“L’infinito” di Giacomo Leopardi: la poesia che insegna a guardare oltre i confini del pensiero
Questa recensione di Alessandria today nasce dal desiderio di offrire al lettore una lettura attenta e accessibile dell’opera, mettendo in dialogo il testo, il contesto e il presente, con l’obiettivo di stimolare riflessione, consapevolezza e curiosità culturale.
Esistono poesie che attraversano i secoli senza perdere la loro forza. “L’infinito” di Giacomo Leopardi è una di queste. Scritta nel 1819, quando il poeta aveva appena ventun anni, è diventata una delle liriche più celebri della letteratura mondiale. In pochi versi Leopardi riesce a trasformare un semplice paesaggio – una collina, una siepe, il vento tra le piante – in una riflessione vertiginosa sull’immensità, sul tempo e sul mistero dell’esistenza.
Pier Carlo Lava
La scena iniziale è estremamente semplice e concreta. Il poeta si trova su una collina solitaria e osserva il paesaggio. Davanti a lui una siepe limita lo sguardo e impedisce di vedere l’orizzonte. Ma proprio questo limite diventa l’origine della poesia: quando lo sguardo non può andare oltre, è l’immaginazione che comincia a viaggiare.
L’infinito
Sempre caro mi fu quest’ermo colle,
e questa siepe, che da tanta parte
dell’ultimo orizzonte il guardo esclude.
Ma sedendo e mirando, interminati
spazi di là da quella, e sovrumani
silenzi, e profondissima quiete
io nel pensier mi fingo; ove per poco
il cor non si spaura. E come il vento
odo stormir tra queste piante, io quello
infinito silenzio a questa voce
vo comparando: e mi sovvien l’eterno,
e le morte stagioni, e la presente
e viva, e il suon di lei. Così tra questa
immensità s’annega il pensier mio:
e il naufragar m’è dolce in questo mare.
La poesia si muove tra limite e infinito. La siepe rappresenta ciò che non possiamo vedere, mentre la mente del poeta immagina spazi immensi e silenzi assoluti. Il pensiero umano si confronta così con qualcosa di più grande di sé, e proprio questa vertigine genera una delle immagini più celebri della poesia italiana: il “dolce naufragio” del pensiero nell’immensità.
Il suono del vento tra le piante riporta il poeta alla realtà, ma allo stesso tempo gli fa percepire la differenza tra il mondo concreto e quello immaginato. Da questo confronto nasce una riflessione sul tempo: il passato, il presente e l’eternità si mescolano in un unico momento di contemplazione.
“L’infinito” è una poesia che unisce filosofia e sentimento. Leopardi non descrive soltanto un paesaggio, ma esplora il rapporto tra l’uomo e l’immensità dell’universo. Il limite diventa una condizione necessaria per immaginare l’infinito: senza la siepe che blocca lo sguardo, forse il poeta non avrebbe mai sentito il bisogno di superarla con la mente.

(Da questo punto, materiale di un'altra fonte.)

(* (i) Let $X$ be a real normed linear space and $\varepsilon\in[0,2)$. Then $X$ is $\varepsilon$-smooth if and only if each two-dimensional subspace of $X$ is $\varepsilon$-smooth. (ii) Let $X$ be a real normed linear space. If $X$ is approximately smooth, then each two-dimensional subspace of $X$ is approximately smooth. Moreover, if $X$ is finite-dimensional and each of its two-dimensional subspaces is approximately smooth, then $X$ is approximately smooth.
   Context: For a normed space $Z$ and $z\in Z\setminus\{\theta\}$, $J(z)=\{f\in S_{Z^*}: f(z)=\|z\|\}$; $z$ is $\varepsilon$-smooth if $\operatorname{diam}J(z)=\sup_{f,g\in J(z)}\|f-g\|\le\varepsilon$. The space $Z$ is $\varepsilon$-smooth ($\varepsilon\in[0,2)$) if every $z\in S_Z$ is $\varepsilon$-smooth, and $Z$ is approximately smooth if it is $\varepsilon$-smooth for some $\varepsilon\in[0,2)$. Subspaces carry the restricted norm. *)

theory Defs
  imports "HOL-Analysis.Analysis"
begin

text \<open>A subspace Y of a real normed space carries the restricted norm.
  Its dual Y* is modelled by real-valued functions that are linear and bounded on Y
  (only their values on Y matter).\<close>

definition is_functional_on :: "'a::real_normed_vector set \<Rightarrow> ('a \<Rightarrow> real) \<Rightarrow> bool" where
  "is_functional_on Y f \<longleftrightarrow>
     (\<forall>x\<in>Y. \<forall>y\<in>Y. \<forall>a b::real. f (a *\<^sub>R x + b *\<^sub>R y) = a * f x + b * f y) \<and>
     (\<exists>B. \<forall>y\<in>Y. \<bar>f y\<bar> \<le> B * norm y)"
lemma finite_P: "finite P"
  and clopen_P: "Z \<in> P \<Longrightarrow> clopen Z"
  and P_disjoint: "Z \<in> P \<Longrightarrow> Z' \<in> P \<Longrightarrow> Z \<noteq> Z' \<Longrightarrow> Z \<inter> Z' = {}"
  and Union_P: "\<Union>P = - E"
  using P_partition unfolding partition_of_def by auto

lemma P_disjoint_E: "Z \<in> P \<Longrightarrow> Z \<inter> E = {}"
  using Union_P by auto

definition cylinder :: "(nat \<Rightarrow> 'a set) \<Rightarrow> nat \<Rightarrow> 'a set" where
  "cylinder Z k = E \<inter> (\<Inter>j\<in>{1..<k}. (T ^^ j) -` Z j) \<inter> (T ^^ k) -` E"

lemma Vk_eq_cylinders:
  "Vk T E P k = {cylinder Z k | Z. 1 \<le> k \<and> (\<forall>j\<in>{1..<k}. Z j \<in> P) \<and> cylinder Z k \<noteq> {}}"
  unfolding Vk_def cylinder_def by blast

lemma cylinder_subset_Y:
  assumes "\<forall>j\<in>{1..<k}. Z j \<in> P" "1 \<le> k"
  shows "cylinder Z k \<subseteq> Y T E k 0"
proof
  fix x assume x: "x \<in> cylinder Z k"
  have "(T ^^ j) x \<notin> E" if "0 < j" "j < k" for j
  proof -
    have "(T ^^ j) x \<in> Z j" "Z j \<in> P"
      using x assms that by (auto simp: cylinder_def)
    then show ?thesis
      using P_disjoint_E by blast
  qed
  then show "x \<in> Y T E k 0"
    using x assms by (auto simp: cylinder_def mem_Y_0_iff)
qed

lemma clopen_cylinder:
  assumes "\<forall>j\<in>{1..<k}. Z j \<in> P"
  shows "clopen (cylinder Z k)"
proof -
  have "clopen ((T ^^ j) -` Z j)" if "j \<in> {1..<k}" for j
    using assms that by (intro clopen_vimage_funpow_T clopen_P) auto
  then have "clopen (\<Inter>j\<in>{1..<k}. (T ^^ j) -` Z j)"
    unfolding clopen_def by (auto intro: open_INT closed_INT)
  then show ?thesis
    using E_clopen clopen_vimage_funpow_T[OF E_clopen, of k]
    unfolding cylinder_def clopen_def by (auto intro: open_Int closed_Int)
qed

lemma cylinder_cong: "(\<And>j. j \<in> {1..<k} \<Longrightarrow> Z j = Z' j) \<Longrightarrow> cylinder Z k = cylinder Z' k"
  unfolding cylinder_def by auto

lemma cylinders_eq_if_meet:
  assumes "\<forall>j\<in>{1..<k}. Z j \<in> P" "\<forall>j\<in>{1..<k}. Z' j \<in> P"
    and "x \<in> cylinder Z k" "x \<in> cylinder Z' k"
  shows "cylinder Z k = cylinder Z' k"
proof (rule cylinder_cong)
  fix j assume "j \<in> {1..<k}"
  moreover from this have "(T ^^ j) x \<in> Z j \<inter> Z' j"
    using assms(3,4) unfolding cylinder_def by auto
  ultimately show "Z j = Z' j"
    using P_disjoint assms(1,2) by blast
qed

lemma Vk_eq_if_meet:
  assumes "W \<in> Vk T E P k" "W' \<in> Vk T E P k" "x \<in> W" "x \<in> W'"
  shows "W = W'"
proof -
  obtain Z Z' where "\<forall>j\<in>{1..<k}. Z j \<in> P" "W = cylinder Z k"
    and "\<forall>j\<in>{1..<k}. Z' j \<in> P" "W' = cylinder Z' k"
    using assms(1,2) unfolding Vk_eq_cylinders by auto
  with assms(3,4) show ?thesis
    using cylinders_eq_if_meet by simp
qed

lemma finite_Vk: "finite (Vk T E P k)"
proof -
  have "Vk T E P k \<subseteq> (\<lambda>Z. cylinder Z k) ` ({1..<k} \<rightarrow>\<^sub>E P)"
  proof
    fix W assume "W \<in> Vk T E P k"
    then obtain Z where Z: "\<forall>j\<in>{1..<k}. Z j \<in> P" "W = cylinder Z k"
      unfolding Vk_eq_cylinders by auto
    then have "W = cylinder (restrict Z {1..<k}) k"
      using cylinder_cong[of k "restrict Z {1..<k}" Z] by simp
    with Z show "W \<in> (\<lambda>Z. cylinder Z k) ` ({1..<k} \<rightarrow>\<^sub>E P)"
      by (auto intro!: image_eqI[of _ _ "restrict Z {1..<k}"])
  qed
  moreover have "finite ((\<lambda>Z. cylinder Z k) ` ({1..<k} \<rightarrow>\<^sub>E P))"
    using finite_P by (simp add: finite_PiE)
  ultimately show ?thesis
    by (rule finite_subset)
qed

Per intensità e profondità questa poesia può essere accostata ad alcune liriche del romanticismo europeo, come quelle di William Wordsworth o di Friedrich Hölderlin, dove il paesaggio naturale diventa specchio delle emozioni interiori e luogo di meditazione sul destino umano.
Giacomo Leopardi nacque a Recanati nel 1798 ed è considerato uno dei più grandi poeti della letteratura mondiale. Studioso straordinario, sviluppò una riflessione filosofica lucida e spesso dolorosa sulla condizione dell’uomo. Le sue opere, raccolte nei Canti, continuano a essere lette e studiate perché affrontano temi universali: il tempo, la natura, il desiderio di felicità e il limite della vita umana.
Ancora oggi “L’infinito” parla con sorprendente attualità. In un mondo dominato dalla velocità e dall’eccesso di informazioni, questa poesia invita a fermarsi, a contemplare il silenzio e a lasciarsi trasportare dall’immaginazione. Leopardi ci ricorda che l’infinito non è solo nello spazio, ma anche nella capacità del pensiero umano di andare oltre ciò che vede.
Geo
Giacomo Leopardi nacque a Recanati, nelle Marche, dove trascorse gran parte della sua vita dedicandosi allo studio e alla scrittura. La sua opera ha influenzato profondamente la cultura europea e continua a essere letta nelle scuole e nelle università di tutto il mondo. Attraverso la sezione culturale di Alessandria today, cerchiamo di riportare al centro questi grandi autori della letteratura, offrendo ai lettori strumenti semplici ma profondi per riscoprire testi che ancora oggi dialogano con il presente.